- Education: Oxford University
- Known for: Acute Myeloid Leukemia and Measurable Residual Disease
- Awards: Alpha Omega Alpha, Johns Hopkins Chapter Honorary Fellow, Royal College of Physicians, NHLBI Directors Award NHLBI Orloff Award NIH Bench to Bedside Award NIH Directors Challenge Innovation Award American College of Physicians Early Career Physician Award American Society for Clinical Investigation Young Physician-Scientist Award Presidential Early Career Award for Scientists and Engineers (2019)
- Scientific career
- Workplaces: National Institutes of Health

= Christopher Hourigan =

Leukemia physician scientist

Christopher Hourigan is a physician-scientist known for work on measurable residual disease (MRD; previously termed minimal residual disease) in acute myeloid leukemia.

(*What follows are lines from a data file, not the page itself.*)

lemma sqdist_midpoint:
  fixes q a b :: "nat \<Rightarrow> real"
  assumes qa: "summable (\<lambda>j. (q j - a j)\<^sup>2)" and qb: "summable (\<lambda>j. (q j - b j)\<^sup>2)"
  defines "c \<equiv> \<lambda>j. (a j + b j) / 2"
  shows "summable (\<lambda>j. (a j - b j)\<^sup>2)"
    and "sqdist q c = (sqdist q a + sqdist q b) / 2 - sqdist a b / 4"
proof -
  have aq: "summable (\<lambda>j. (a j - q j)\<^sup>2)" using qa by (simp add: power2_commute)
  show ab: "summable (\<lambda>j. (a j - b j)\<^sup>2)" by (rule sqdist_triangle_sq(1)[OF aq qb])
  have pointwise: "(q j - c j)\<^sup>2 = ((q j - a j)\<^sup>2 + (q j - b j)\<^sup>2) / 2 - (a j - b j)\<^sup>2 / 4" for j
    by (simp add: c_def power2_eq_square field_simps)
  have "(\<lambda>j. ((q j - a j)\<^sup>2 + (q j - b j)\<^sup>2) / 2 - (a j - b j)\<^sup>2 / 4)
          sums ((sqdist q a + sqdist q b) / 2 - sqdist a b / 4)"
    unfolding sqdist_def by (intro sums_diff sums_divide sums_add summable_sums qa qb ab)
  then show "sqdist q c = (sqdist q a + sqdist q b) / 2 - sqdist a b / 4"
    unfolding sqdist_def pointwise by (rule sums_unique[symmetric])
qed

(* Uniqueness of the least-squares fit: two minimisers would have a strictly better
   midpoint unless they coincide. *)
lemma ls_unique:
  assumes sq: "summable (\<lambda>j. (q j)\<^sup>2)"
    and a: "a \<in> convexL2" "\<forall>p\<in>convexL2. ls_crit q a \<le> ls_crit q p"
    and b: "b \<in> convexL2" "\<forall>p\<in>convexL2. ls_crit q b \<le> ls_crit q p"
  shows "a = b"
proof -
  have qa: "summable (\<lambda>j. (q j - a j)\<^sup>2)" and qb: "summable (\<lambda>j. (q j - b j)\<^sup>2)"
    using summable_sq_diff[OF sq] a(1) b(1) by (auto simp: convexL2_def)
  define c where "c = (\<lambda>j. (a j + b j) / 2)"
  have ab: "summable (\<lambda>j. (a j - b j)\<^sup>2)"
    and mid: "sqdist q c = (sqdist q a + sqdist q b) / 2 - sqdist a b / 4"
    using sqdist_midpoint[OF qa qb] unfolding c_def by auto
  have "summable (\<lambda>j. (a j - - b j)\<^sup>2 / 4)"
    using summable_sq_diff[of a "\<lambda>j. - b j"] a(1) b(1)
    by (intro summable_divide) (auto simp: convexL2_def)
  then have "summable (\<lambda>j. (c j)\<^sup>2)" by (simp add: c_def power_divide)
  then have "c \<in> convexL2"
    using convex_seq_midpoint a(1) b(1) by (auto simp: convexL2_def c_def)
  then have "sqdist q a \<le> sqdist q c" and "sqdist q a = sqdist q b"
    using a b by (auto simp: ls_crit_sqdist intro: order.antisym)
  then have "sqdist a b \<le> 0" using mid by simp
  moreover have "0 \<le> sqdist a b" using sqdist_nonneg[OF ab] .
  ultimately have "(\<Sum>j. (a j - b j)\<^sup>2) = 0" by (simp add: sqdist_def)
  then have "\<forall>j. (a j - b j)\<^sup>2 = 0" using suminf_eq_zero_iff[OF ab] by simp
  then show "a = b" by auto
qed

He was previously Chief of the Laboratory of Myeloid Malignancies at the National Heart, Lung, and Blood Institute and founding co-director of the Myeloid Malignancies Program at the National Institutes of Health in Bethesda, Maryland.

== Education ==
Hourigan graduated from Oxford University Medical School and received his DPhil for work with Sir John Bell (physician) at the Weatherall Institute of Molecular Medicine at Oxford University. He completed postdoctoral clinical training at Guy's and St Thomas' Hospital in London, Johns Hopkins Bayview Medical Center, and the Sidney Kimmel Comprehensive Cancer Center at Johns Hopkins Hospital in Baltimore. He is board certified in Internal Medicine, Hematology, and Medical Oncology.

== Research ==
Hourigan is best known for work on Measurable Residual Disease (MRD) and precision medicine in Acute Myeloid Leukemia (AML). This included the demonstration that intervention in patients with AML MRD may improve survival,
that low-level TP53 mutations are detectable pre-transplantation in patients with sickle cell disease who develop myeloid malignancy after hematopoietic stem cell transplantation, and that patient-personalized single cell sequencing can distinguish mutations associated with non-malignant cells rather than residual AML. He has held senior leadership positions in the European Leukemia Network (ELN) guidelines committee for AML MRD, the Foundation for the National Institutes of Health (FNIH) biomarkers consortium for AML MRD, the National Cancer Institute (NCI) MyeloMATCH precision medicine initiative, the Center for International Blood and Marrow Transplant Research (CIBMTR), and on the American Society of Hematology (ASH) guidelines committee for AML in older adults.

== Honors and awards ==
In 2019, Hourigan received a Presidential Early Career Award for Scientists and Engineers for his research on Measurable Residual Disease in Acute Myeloid Leukemia.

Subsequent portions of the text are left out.